(Records from a collection)
-.-.-
lemma connected_order_ideal_iff:
  "connected_order_ideal n le I \<longleftrightarrow> order_ideal n le I \<and> I \<noteq> {} \<and>
     (\<forall>x\<in>I. \<forall>y\<in>I. (restrict_rel (hasse_adjacent n le) I)\<^sup>*\<^sup>* x y)"
proof -
  have "restrict_rel (hasse_adjacent n le) I =
        (\<lambda>a b. a \<in> I \<and> b \<in> I \<and> (covers n le a b \<or> covers n le b a))"
    by (simp add: fun_eq_iff restrict_rel_def hasse_adjacent_def)
  then show ?thesis
    unfolding connected_order_ideal_def by simp
qed

lemma connected_order_ideal_subset_block:
  assumes A: "connected_order_ideal n le A"
    and ideals: "\<forall>B\<in>X. order_ideal n le B" and disj: "pairwise disjnt X"
    and cover: "A \<subseteq> \<Union>X" and B: "B \<in> X" and x: "x \<in> A" "x \<in> B"
  shows "A \<subseteq> B"
proof
  fix y
  assume "y \<in> A"
  then have "(restrict_rel (hasse_adjacent n le) A)\<^sup>*\<^sup>* x y"
    using A x unfolding connected_order_ideal_iff by blast
  then show "y \<in> B"
  proof (induction rule: rtranclp_induct)
    case base
    then show ?case using x by simp
  next
    case (step a b)
    then have a: "a \<in> B" and b: "b \<in> A" and ab: "hasse_adjacent n le a b"
      by (auto simp: restrict_rel_def)
    obtain Y where Y: "Y \<in> X" "b \<in> Y"
      using cover b by blast
    from ab show ?case
      unfolding hasse_adjacent_def
    proof
      assume "covers n le a b"
      then have "a \<in> Y"
        using ideals Y unfolding order_ideal_def covers_def by blast
      then have "Y = B"
        using disj Y(1) B a unfolding pairwise_def disjnt_def by blast
      then show ?thesis using Y by simp
    next
      assume "covers n le b a"
      then show ?thesis
        using ideals B a unfolding order_ideal_def covers_def by blast
    qed
  qed
qed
-.-.-
Your assignment. Repeat the records above with every character intact.

Solution below.
lemma connected_order_ideal_iff:
  "connected_order_ideal n le I \<longleftrightarrow> order_ideal n le I \<and> I \<noteq> {} \<and>
     (\<forall>x\<in>I. \<forall>y\<in>I. (restrict_rel (hasse_adjacent n le) I)\<^sup>*\<^sup>* x y)"
proof -
  have "restrict_rel (hasse_adjacent n le) I =
        (\<lambda>a b. a \<in> I \<and> b \<in> I \<and> (covers n le a b \<or> covers n le b a))"
    by (simp add: fun_eq_iff restrict_rel_def hasse_adjacent_def)
  then show ?thesis
    unfolding connected_order_ideal_def by simp
qed

lemma connected_order_ideal_subset_block:
  assumes A: "connected_order_ideal n le A"
    and ideals: "\<forall>B\<in>X. order_ideal n le B" and disj: "pairwise disjnt X"
    and cover: "A \<subseteq> \<Union>X" and B: "B \<in> X" and x: "x \<in> A" "x \<in> B"
  shows "A \<subseteq> B"
proof
  fix y
  assume "y \<in> A"
  then have "(restrict_rel (hasse_adjacent n le) A)\<^sup>*\<^sup>* x y"
    using A x unfolding connected_order_ideal_iff by blast
  then show "y \<in> B"
  proof (induction rule: rtranclp_induct)
    case base
    then show ?case using x by simp
  next
    case (step a b)
    then have a: "a \<in> B" and b: "b \<in> A" and ab: "hasse_adjacent n le a b"
      by (auto simp: restrict_rel_def)
    obtain Y where Y: "Y \<in> X" "b \<in> Y"
      using cover b by blast
    from ab show ?case
      unfolding hasse_adjacent_def
    proof
      assume "covers n le a b"
      then have "a \<in> Y"
        using ideals Y unfolding order_ideal_def covers_def by blast
      then have "Y = B"
        using disj Y(1) B a unfolding pairwise_def disjnt_def by blast
      then show ?thesis using Y by simp
    next
      assume "covers n le b a"
      then show ?thesis
        using ideals B a unfolding order_ideal_def covers_def by blast
    qed
  qed
qed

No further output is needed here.